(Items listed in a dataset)
────

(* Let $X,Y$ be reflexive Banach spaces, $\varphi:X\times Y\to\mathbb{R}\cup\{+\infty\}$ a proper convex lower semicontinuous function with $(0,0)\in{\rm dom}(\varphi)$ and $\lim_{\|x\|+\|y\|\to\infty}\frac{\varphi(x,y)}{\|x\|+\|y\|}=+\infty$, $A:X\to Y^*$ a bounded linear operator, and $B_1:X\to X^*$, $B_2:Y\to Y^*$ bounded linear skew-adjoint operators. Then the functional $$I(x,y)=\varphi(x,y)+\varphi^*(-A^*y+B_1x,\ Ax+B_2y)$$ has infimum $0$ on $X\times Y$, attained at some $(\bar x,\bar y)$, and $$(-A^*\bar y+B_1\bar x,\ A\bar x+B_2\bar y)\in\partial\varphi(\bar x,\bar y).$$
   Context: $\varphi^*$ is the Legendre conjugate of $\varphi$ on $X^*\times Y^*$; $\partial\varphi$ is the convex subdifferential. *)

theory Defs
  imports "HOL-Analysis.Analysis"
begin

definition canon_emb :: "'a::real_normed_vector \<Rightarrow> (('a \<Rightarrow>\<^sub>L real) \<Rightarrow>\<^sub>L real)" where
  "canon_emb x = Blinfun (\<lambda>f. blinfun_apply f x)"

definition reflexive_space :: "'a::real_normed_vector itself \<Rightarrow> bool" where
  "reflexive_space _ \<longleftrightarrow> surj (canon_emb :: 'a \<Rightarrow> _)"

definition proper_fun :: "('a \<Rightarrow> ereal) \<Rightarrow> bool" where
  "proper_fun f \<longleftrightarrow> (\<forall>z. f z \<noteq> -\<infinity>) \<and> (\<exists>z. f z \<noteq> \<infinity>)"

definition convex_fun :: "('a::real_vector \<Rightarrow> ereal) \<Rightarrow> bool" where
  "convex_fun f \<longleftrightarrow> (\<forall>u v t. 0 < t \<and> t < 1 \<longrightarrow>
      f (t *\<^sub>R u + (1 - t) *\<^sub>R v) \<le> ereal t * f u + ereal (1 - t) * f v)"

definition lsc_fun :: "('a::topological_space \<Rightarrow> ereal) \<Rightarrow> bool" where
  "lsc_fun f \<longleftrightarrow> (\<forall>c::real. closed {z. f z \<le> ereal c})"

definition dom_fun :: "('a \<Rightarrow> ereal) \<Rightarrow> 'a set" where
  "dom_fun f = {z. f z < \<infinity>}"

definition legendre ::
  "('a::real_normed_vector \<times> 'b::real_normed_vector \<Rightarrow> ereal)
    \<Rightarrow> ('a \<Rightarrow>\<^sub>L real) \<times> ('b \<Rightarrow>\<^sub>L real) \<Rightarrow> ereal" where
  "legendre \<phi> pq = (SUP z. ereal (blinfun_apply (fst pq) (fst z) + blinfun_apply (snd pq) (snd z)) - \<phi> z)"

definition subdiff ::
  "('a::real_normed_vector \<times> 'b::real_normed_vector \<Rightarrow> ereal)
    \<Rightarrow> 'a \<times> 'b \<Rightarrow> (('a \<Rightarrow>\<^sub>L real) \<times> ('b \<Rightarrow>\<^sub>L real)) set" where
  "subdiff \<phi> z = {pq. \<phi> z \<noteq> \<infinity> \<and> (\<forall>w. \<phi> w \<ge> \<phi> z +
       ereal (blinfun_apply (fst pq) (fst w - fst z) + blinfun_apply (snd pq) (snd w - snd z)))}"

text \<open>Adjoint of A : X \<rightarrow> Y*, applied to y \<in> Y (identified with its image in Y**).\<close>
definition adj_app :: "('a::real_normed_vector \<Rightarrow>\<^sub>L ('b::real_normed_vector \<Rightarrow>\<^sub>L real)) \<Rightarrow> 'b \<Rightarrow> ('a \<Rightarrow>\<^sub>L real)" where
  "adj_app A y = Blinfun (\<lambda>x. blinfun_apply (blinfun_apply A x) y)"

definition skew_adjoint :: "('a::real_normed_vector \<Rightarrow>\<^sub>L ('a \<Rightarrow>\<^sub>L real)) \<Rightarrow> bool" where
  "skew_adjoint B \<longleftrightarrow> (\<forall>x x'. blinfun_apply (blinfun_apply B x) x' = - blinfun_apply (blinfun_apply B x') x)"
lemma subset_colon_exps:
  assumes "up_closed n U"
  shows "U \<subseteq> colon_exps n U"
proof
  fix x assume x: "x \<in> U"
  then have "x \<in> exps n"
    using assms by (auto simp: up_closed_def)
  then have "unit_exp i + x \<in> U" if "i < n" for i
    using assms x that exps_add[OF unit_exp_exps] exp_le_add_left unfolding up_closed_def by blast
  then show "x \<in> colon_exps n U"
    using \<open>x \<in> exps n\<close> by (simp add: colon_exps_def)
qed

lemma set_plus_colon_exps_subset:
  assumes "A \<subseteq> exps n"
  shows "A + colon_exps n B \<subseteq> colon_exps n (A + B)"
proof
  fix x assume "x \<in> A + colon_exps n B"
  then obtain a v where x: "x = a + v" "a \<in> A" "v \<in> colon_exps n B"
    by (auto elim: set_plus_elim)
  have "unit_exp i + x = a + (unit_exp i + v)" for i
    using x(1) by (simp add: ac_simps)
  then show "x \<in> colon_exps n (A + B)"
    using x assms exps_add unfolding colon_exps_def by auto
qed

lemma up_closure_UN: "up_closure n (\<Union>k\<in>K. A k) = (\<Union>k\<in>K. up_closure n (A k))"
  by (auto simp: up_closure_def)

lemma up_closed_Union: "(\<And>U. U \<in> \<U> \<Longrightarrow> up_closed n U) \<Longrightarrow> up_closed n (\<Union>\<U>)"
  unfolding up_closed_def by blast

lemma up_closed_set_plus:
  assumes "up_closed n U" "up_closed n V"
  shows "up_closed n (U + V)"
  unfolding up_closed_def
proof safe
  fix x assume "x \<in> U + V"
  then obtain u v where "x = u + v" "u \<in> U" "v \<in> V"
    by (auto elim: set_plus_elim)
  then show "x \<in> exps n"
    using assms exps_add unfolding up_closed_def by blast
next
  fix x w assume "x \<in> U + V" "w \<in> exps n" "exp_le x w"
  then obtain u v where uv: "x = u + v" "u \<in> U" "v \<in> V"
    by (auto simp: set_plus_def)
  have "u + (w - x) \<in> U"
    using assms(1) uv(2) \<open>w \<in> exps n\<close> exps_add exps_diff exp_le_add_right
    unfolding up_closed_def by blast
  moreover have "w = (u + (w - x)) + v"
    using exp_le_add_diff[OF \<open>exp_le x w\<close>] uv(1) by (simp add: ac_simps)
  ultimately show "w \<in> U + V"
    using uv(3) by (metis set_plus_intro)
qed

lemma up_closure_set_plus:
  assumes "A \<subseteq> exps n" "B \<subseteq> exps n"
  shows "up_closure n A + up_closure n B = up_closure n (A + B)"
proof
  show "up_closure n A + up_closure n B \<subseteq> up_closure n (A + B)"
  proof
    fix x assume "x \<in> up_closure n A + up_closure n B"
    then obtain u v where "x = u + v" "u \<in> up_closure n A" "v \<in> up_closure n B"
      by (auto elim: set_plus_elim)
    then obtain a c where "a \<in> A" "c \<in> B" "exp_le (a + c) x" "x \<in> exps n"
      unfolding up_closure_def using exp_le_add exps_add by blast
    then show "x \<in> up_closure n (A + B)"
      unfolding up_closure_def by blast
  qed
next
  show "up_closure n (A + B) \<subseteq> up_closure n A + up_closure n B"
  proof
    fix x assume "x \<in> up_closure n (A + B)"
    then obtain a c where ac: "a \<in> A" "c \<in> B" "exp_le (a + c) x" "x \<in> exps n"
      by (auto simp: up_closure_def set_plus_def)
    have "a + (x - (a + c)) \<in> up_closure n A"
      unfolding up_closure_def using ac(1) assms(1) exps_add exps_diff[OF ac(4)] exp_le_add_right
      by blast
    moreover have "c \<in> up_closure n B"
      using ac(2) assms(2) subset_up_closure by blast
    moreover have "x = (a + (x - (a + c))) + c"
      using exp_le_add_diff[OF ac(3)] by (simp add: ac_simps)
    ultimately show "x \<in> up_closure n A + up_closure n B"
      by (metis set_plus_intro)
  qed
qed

────

- _Work instructions_:
Would you please return all lines of the data that include the word "Union"?

- _Solved problem_:
lemma up_closure_UN: "up_closure n (\<Union>k\<in>K. A k) = (\<Union>k\<in>K. up_closure n (A k))"
lemma up_closed_Union: "(\<And>U. U \<in> \<U> \<Longrightarrow> up_closed n U) \<Longrightarrow> up_closed n (\<Union>\<U>)"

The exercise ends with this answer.